See incorrectly encoded database name. The same applies for
current_database().
If I do encode(datname::bytea, 'hex') result is matches. It looks like
automatic conversion latin9 -> utf8 is done for français database, but name
is already utf8.
Checked on PG13 & aws aurora

Re: BUG #16679: Incorrect encoding of database name

From

Tom Lane

Date:

20 October 2020, 15:23:07

PG Bug reporting form <noreply@postgresql.org> writes:
> 1. Create database with name & encoding that won't binary match utf8 encoded
> name, e.g:
> create database Français
>     LC_COLLATE 'fr_FR@euro' LC_CTYPE 'fr_FR@euro'
>     encoding 'latin9' template template0;

The short answer is don't do that.  The name will be stored in pg_database
with whatever encoding the source database (the one you were connected to
while issuing CREATE DATABASE) uses, and then it will look funny from any
database using another encoding.  Connecting to the DB will also fail from
any client not using the same encoding, since no encoding conversion is
performed during startup-packet processing.  Really the workable
alternatives are (a) use only ASCII characters in database names, or
(b) use the same encoding in every database of the cluster.

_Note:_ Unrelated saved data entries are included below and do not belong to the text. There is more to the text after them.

lemma star_level_weights_le_integral:
  fixes M :: "'a measure" and f g :: "'a \<Rightarrow> real"
    and star S :: "real \<Rightarrow> real \<Rightarrow> real"
    and \<alpha> \<beta> \<gamma> lam \<upsilon> \<tau> a b :: real
  assumes fg: "f \<in> F01 M" "g \<in> F01 M" "comonotone M f g"
    and star_measurable: "(\<lambda>x. star (f x) (g x)) \<in> borel_measurable M"
    and star_range: "\<forall>a\<in>{0..1}. \<forall>b\<in>{0..1}. star a b \<in> {0..1}"
    and star_mono: "\<forall>a\<in>{0..1}. \<forall>a'\<in>{0..1}. \<forall>b\<in>{0..1}. \<forall>b'\<in>{0..1}.
                      a \<le> a' \<longrightarrow> b \<le> b' \<longrightarrow> star a b \<le> star a' b'"
    and S: "semicopula S"
    and pos: "\<alpha> > 0" "\<beta> > 0" "\<gamma> > 0" "lam > 0" "\<upsilon> > 0" "\<tau> > 0"
    and gt: "\<gamma> * \<tau> \<ge> 1" and bu: "\<beta> * \<upsilon> \<ge> 1"
    and cond: "\<forall>a\<in>{0..1}. \<forall>b\<in>{0..1}. \<forall>c\<in>{0..1}.
       (S ((star a b) powr \<alpha>) c) powr lam \<ge>
       max (star ((S (a powr \<beta>) c) powr \<upsilon>) b) (star a ((S (b powr \<gamma>) c) powr \<tau>))"
    and m: "monotone_measure M m" "m (space M) = 1"
    and ab: "a \<in> {0..1}" "b \<in> {0..1}"
  shows "star ((S (a powr \<beta>) (enn2real (m {x\<in>space M. a \<le> f x}))) powr \<upsilon>)
              ((S (b powr \<gamma>) (enn2real (m {x\<in>space M. b \<le> g x}))) powr \<tau>)
    \<le> (seminormed_integral S M m (\<lambda>x. (star (f x) (g x)) powr \<alpha>)) powr lam"
proof -
  have f: "f \<in> borel_measurable M" "\<forall>x\<in>space M. f x \<in> {0..1}"
    and g: "g \<in> borel_measurable M" "\<forall>x\<in>space M. g x \<in> {0..1}"
    using fg unfolding F01_def by auto
  define E1 where "E1 = {x\<in>space M. a \<le> f x}"
  define E2 where "E2 = {x\<in>space M. b \<le> g x}"
  define c where "c = enn2real (m (E1 \<inter> E2))"
  define r where "r = (star a b) powr \<alpha>"
  have E: "E1 \<in> sets M" "E2 \<in> sets M"
    unfolding E1_def E2_def using f g by measurable
  have c: "c \<in> {0..1}"
    unfolding c_def using E by (intro monotone_measure_unit_interval[OF m]) auto
  have r: "r \<in> {0..1}"
    unfolding r_def using star_range ab pos by (intro powr_unit_interval) auto
  have "E1 \<inter> E2 \<subseteq> {x\<in>space M. r \<le> star (f x) (g x) powr \<alpha>}"
  proof
    fix x assume "x \<in> E1 \<inter> E2"
    then have x: "x \<in> space M" "a \<le> f x" "b \<le> g x" unfolding E1_def E2_def by auto
    then have "star a b \<le> star (f x) (g x)" using star_mono ab f g by simp
    then show "x \<in> {x\<in>space M. r \<le> star (f x) (g x) powr \<alpha>}"
      unfolding r_def using x star_range ab pos by (auto intro: powr_mono2)
  qed
  then have "S r c \<le> seminormed_integral S M m (\<lambda>x. star (f x) (g x) powr \<alpha>)"
    unfolding c_def using E star_measurable
    by (intro seminormed_integral_ge[OF S m _ r]) auto
  then have bound: "(S r c) powr lam \<le> (seminormed_integral S M m (\<lambda>x. star (f x) (g x) powr \<alpha>)) powr lam"
    using semicopula_unit_interval[OF S r c] pos by (intro powr_mono2) auto
  have E12: "enn2real (m E1) \<in> {0..1}" "enn2real (m E2) \<in> {0..1}"
    using E monotone_measure_unit_interval[OF m] by auto
  note star_bound = star_semicopula_bound[OF star_mono S pos(2,3,5,6) gt bu cond ab]
  from comonotone_level_sets_nested[OF fg(3), of a b]
  consider "E1 \<subseteq> E2" | "E2 \<subseteq> E1" unfolding E1_def E2_def by blast
  then show ?thesis
  proof cases
    case 1
    then have "c = enn2real (m E1)" unfolding c_def by (simp add: Int_absorb2)
    then show ?thesis using star_bound(1)[OF E12] bound unfolding E1_def E2_def r_def by simp
  next
    case 2
    then have "c = enn2real (m E2)" unfolding c_def by (simp add: Int_absorb1)
    then show ?thesis using star_bound(2)[OF E12(2,1)] bound unfolding E1_def E2_def r_def by simp
  qed
qed

theorem corollary3p13:
  fixes M :: "'a measure" and f g :: "'a \<Rightarrow> real"
    and star S :: "real \<Rightarrow> real \<Rightarrow> real"
    and \<alpha> \<beta> \<gamma> lam \<upsilon> \<tau> :: real
  assumes fg: "f \<in> F01 M" "g \<in> F01 M" "comonotone M f g"
    and star_range: "\<forall>a\<in>{0..1}. \<forall>b\<in>{0..1}. star a b \<in> {0..1}"
    and star_cont: "continuous_on ({0..1} \<times> {0..1}) (\<lambda>(a, b). star a b)"
    and star_mono: "\<forall>a\<in>{0..1}. \<forall>a'\<in>{0..1}. \<forall>b\<in>{0..1}. \<forall>b'\<in>{0..1}.
                      a \<le> a' \<longrightarrow> b \<le> b' \<longrightarrow> star a b \<le> star a' b'"
    and S: "semicopula S"
    and pos: "\<alpha> > 0" "\<beta> > 0" "\<gamma> > 0" "lam > 0" "\<upsilon> > 0" "\<tau> > 0"
    and gt: "\<gamma> * \<tau> \<ge> 1" and bu: "\<beta> * \<upsilon> \<ge> 1"
    and cond: "\<forall>a\<in>{0..1}. \<forall>b\<in>{0..1}. \<forall>c\<in>{0..1}.
       (S ((star a b) powr \<alpha>) c) powr lam \<ge>
       max (star ((S (a powr \<beta>) c) powr \<upsilon>) b) (star a ((S (b powr \<gamma>) c) powr \<tau>))"
  shows "\<forall>m. monotone_measure M m \<and> m (space M) = 1 \<longrightarrow>
     (seminormed_integral S M m (\<lambda>x. (star (f x) (g x)) powr \<alpha>)) powr lam \<ge>
     star ((seminormed_integral S M m (\<lambda>x. f x powr \<beta>)) powr \<upsilon>)
          ((seminormed_integral S M m (\<lambda>x. g x powr \<gamma>)) powr \<tau>)"
proof (intro allI impI, elim conjE)
  fix m assume m: "monotone_measure M m" "m (space M) = 1"
  have f: "f \<in> borel_measurable M" "\<forall>x\<in>space M. f x \<in> {0..1}"
    and g: "g \<in> borel_measurable M" "\<forall>x\<in>space M. g x \<in> {0..1}"
    using fg unfolding F01_def by auto
  define \<phi> where "\<phi> a = S (a powr \<beta>) (enn2real (m {x\<in>space M. a \<le> f x}))" for a
  define \<psi> where "\<psi> b = S (b powr \<gamma>) (enn2real (m {x\<in>space M. b \<le> g x}))" for b
  define H where "H p = star (fst p powr \<upsilon>) (snd p powr \<tau>)" for p
  define L where "L = seminormed_integral S M m (\<lambda>x. (star (f x) (g x)) powr \<alpha>) powr lam"
  have range: "\<phi> a \<in> {0..1}" "\<psi> a \<in> {0..1}" if "a \<in> {0..1}" for a
    unfolding \<phi>_def \<psi>_def using f g pos that
    by (intro semicopula_level_weight_unit_interval[OF S m]; simp)+
  have "continuous_on ({0..1} \<times> {0..1}) H"
    unfolding H_def by (rule continuous_on_powr_pair[OF star_cont pos(5,6)])
  moreover have "H (a', b') \<le> L"
    if "a' \<in> \<phi> ` {0..1}" "b' \<in> \<psi> ` {0..1}" for a' b'
    using that borel_measurable_continuous_on_Pair[OF star_cont f(1) g(1)] f g
      star_level_weights_le_integral[OF fg _ star_range star_mono S pos gt bu cond m]
    unfolding H_def L_def \<phi>_def \<psi>_def by (auto simp del: atLeastAtMost_iff)
  ultimately have "H (Sup (\<phi> ` {0..1}), Sup (\<psi> ` {0..1})) \<le> L"
    using range by (intro continuous_on_Sup_le[of _ H]) (auto intro!: bdd_aboveI[of _ 1] closed_Times)
  then show "star (seminormed_integral S M m (\<lambda>x. f x powr \<beta>) powr \<upsilon>)
      (seminormed_integral S M m (\<lambda>x. g x powr \<gamma>) powr \<tau>)
    \<le> seminormed_integral S M m (\<lambda>x. star (f x) (g x) powr \<alpha>) powr lam"
    unfolding H_def L_def \<phi>_def \<psi>_def
    using seminormed_integral_powr[of \<beta> M f S m] seminormed_integral_powr[of \<gamma> M g S m] pos f g by simp
qed

end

Similar remarks apply to other globally-visible names, ie roles and
tablespaces.

It'd be nice in the abstract to have a better answer, but the amount
of work required, relative to the practical benefit for people who
aren't satisfied with either (a) or (b), is discouraging.  Notable
problems include what to do when a character in pg_database cannot be
translated to the encoding you'd like to use.  The connection-request
encoding problem in particular seems insoluble without a protocol break,
which would cause a lot more unhappiness than happiness.

            regards, tom lane